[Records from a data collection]
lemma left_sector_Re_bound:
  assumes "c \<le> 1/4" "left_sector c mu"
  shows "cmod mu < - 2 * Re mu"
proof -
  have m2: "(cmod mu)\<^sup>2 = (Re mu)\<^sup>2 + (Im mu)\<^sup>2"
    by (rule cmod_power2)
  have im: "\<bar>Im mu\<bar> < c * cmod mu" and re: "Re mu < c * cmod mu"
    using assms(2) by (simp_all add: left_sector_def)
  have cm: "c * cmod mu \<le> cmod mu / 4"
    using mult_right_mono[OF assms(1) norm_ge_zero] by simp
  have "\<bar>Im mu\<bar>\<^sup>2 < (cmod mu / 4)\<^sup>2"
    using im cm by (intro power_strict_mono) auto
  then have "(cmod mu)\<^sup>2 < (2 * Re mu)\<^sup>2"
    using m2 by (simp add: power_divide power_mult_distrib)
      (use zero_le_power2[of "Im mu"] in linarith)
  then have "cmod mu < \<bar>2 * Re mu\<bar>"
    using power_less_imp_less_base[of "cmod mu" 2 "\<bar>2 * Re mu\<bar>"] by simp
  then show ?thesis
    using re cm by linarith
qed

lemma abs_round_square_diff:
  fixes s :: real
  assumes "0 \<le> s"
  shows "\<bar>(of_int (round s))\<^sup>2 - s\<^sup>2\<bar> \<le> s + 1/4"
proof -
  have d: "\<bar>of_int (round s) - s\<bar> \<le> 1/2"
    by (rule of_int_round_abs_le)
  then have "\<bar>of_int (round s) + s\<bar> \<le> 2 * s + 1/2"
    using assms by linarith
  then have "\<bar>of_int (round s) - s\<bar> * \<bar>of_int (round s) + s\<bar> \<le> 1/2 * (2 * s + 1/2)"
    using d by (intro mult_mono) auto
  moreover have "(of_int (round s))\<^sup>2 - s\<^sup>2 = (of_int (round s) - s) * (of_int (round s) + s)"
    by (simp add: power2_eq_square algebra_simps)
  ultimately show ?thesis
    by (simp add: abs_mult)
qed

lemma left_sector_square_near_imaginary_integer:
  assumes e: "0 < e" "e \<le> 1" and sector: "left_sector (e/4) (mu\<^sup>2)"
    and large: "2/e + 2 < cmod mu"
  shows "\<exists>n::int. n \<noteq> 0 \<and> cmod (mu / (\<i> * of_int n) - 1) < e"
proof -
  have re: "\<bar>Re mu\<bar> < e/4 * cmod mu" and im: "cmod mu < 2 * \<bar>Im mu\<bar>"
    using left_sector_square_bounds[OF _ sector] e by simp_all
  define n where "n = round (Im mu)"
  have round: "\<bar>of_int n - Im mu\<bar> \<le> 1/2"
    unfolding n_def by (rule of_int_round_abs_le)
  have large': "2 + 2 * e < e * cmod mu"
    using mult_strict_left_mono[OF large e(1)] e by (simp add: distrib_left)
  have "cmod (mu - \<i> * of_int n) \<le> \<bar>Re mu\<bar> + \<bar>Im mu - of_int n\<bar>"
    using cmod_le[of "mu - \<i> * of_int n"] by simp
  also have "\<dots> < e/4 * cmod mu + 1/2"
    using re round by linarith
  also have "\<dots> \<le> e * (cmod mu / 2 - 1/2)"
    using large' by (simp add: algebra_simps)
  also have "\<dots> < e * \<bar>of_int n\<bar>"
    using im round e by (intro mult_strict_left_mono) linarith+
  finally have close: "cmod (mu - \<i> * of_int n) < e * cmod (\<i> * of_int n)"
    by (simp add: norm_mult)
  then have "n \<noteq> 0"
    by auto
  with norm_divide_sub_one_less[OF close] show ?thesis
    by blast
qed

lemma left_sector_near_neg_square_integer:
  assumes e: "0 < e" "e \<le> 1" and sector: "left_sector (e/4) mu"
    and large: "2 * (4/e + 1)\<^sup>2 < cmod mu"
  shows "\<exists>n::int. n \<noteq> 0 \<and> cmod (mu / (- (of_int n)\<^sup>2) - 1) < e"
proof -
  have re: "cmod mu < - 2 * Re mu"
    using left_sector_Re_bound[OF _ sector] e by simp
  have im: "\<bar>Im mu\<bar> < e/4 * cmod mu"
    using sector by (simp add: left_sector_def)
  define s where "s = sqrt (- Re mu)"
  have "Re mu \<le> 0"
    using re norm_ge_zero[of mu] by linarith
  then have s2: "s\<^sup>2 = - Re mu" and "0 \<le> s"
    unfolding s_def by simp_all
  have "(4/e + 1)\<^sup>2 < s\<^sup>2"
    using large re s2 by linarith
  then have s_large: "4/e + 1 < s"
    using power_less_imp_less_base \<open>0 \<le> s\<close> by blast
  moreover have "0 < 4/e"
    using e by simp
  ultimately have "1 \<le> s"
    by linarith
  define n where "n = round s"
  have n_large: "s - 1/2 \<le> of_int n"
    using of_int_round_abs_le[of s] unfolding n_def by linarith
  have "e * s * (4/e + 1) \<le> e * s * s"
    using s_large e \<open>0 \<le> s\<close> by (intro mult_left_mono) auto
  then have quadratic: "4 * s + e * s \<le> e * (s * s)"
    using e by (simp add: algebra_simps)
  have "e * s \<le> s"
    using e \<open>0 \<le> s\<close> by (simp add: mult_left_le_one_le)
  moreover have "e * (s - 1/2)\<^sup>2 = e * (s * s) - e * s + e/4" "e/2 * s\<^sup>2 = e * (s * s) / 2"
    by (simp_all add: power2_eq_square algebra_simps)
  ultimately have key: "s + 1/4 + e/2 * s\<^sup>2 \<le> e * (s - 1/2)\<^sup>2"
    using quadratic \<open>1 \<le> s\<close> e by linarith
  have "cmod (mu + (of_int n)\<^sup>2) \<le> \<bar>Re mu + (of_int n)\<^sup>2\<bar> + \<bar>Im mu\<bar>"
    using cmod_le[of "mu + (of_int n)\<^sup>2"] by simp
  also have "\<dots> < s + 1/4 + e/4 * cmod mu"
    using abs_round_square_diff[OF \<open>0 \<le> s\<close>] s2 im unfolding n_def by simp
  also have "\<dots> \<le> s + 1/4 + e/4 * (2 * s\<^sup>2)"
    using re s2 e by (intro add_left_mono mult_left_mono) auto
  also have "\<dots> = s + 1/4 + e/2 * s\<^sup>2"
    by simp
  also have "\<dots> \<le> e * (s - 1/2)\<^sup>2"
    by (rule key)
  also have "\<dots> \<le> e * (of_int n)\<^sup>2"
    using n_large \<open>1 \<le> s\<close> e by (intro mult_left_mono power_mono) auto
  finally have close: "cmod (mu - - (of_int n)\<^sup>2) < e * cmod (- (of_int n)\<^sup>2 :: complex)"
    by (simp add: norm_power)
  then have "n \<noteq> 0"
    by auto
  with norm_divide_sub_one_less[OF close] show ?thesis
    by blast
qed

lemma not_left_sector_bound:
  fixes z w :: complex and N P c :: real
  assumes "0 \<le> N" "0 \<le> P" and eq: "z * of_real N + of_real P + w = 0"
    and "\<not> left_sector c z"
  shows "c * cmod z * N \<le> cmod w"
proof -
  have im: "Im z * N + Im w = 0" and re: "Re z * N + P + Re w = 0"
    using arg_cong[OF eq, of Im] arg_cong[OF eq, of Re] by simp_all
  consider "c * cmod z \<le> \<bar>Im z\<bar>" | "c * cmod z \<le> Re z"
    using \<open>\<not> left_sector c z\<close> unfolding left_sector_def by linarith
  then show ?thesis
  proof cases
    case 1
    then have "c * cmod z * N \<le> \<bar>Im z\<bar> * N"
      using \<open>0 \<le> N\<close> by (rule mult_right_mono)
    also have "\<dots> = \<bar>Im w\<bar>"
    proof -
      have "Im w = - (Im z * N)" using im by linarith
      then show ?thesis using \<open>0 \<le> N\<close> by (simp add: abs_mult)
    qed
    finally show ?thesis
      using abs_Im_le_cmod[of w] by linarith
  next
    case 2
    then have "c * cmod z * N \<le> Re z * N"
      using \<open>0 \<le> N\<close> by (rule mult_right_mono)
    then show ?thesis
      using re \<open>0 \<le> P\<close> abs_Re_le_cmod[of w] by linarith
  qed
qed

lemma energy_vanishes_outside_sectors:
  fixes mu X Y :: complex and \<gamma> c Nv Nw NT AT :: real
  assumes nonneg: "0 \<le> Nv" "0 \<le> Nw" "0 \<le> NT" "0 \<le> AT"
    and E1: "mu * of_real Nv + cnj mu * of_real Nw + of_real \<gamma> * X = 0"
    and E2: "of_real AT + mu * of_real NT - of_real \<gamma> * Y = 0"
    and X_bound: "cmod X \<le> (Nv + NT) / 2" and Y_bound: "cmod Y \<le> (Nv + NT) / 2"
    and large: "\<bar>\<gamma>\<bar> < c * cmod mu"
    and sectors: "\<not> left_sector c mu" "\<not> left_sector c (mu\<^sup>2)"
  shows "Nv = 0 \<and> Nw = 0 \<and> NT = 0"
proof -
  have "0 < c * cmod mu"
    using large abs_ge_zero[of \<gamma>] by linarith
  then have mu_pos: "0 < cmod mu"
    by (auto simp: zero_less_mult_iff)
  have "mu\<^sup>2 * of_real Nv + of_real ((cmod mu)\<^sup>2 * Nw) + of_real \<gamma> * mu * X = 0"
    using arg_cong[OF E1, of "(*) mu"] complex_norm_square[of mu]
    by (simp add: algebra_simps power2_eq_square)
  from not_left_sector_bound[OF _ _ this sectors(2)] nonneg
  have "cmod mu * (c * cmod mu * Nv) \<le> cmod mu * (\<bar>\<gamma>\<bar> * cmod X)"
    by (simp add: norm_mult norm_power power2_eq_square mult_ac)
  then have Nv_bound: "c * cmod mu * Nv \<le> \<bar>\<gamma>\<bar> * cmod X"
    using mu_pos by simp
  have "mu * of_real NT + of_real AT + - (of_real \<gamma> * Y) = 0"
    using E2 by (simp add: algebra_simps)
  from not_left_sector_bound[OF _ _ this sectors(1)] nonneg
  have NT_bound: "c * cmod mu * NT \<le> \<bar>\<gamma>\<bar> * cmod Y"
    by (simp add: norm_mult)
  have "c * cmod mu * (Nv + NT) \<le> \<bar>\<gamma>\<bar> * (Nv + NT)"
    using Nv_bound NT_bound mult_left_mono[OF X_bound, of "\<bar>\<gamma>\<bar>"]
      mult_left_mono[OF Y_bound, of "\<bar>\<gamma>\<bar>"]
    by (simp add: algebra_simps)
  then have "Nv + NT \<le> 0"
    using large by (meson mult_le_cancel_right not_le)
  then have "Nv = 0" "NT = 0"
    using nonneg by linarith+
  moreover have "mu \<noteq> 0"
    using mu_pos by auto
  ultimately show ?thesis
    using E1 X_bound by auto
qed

Exercise:
Make a copy of each line in the records above that has the word "finally".

Result of this exercise:
  finally have close: "cmod (mu - \<i> * of_int n) < e * cmod (\<i> * of_int n)"
  finally have close: "cmod (mu - - (of_int n)\<^sup>2) < e * cmod (- (of_int n)\<^sup>2 :: complex)"
    finally show ?thesis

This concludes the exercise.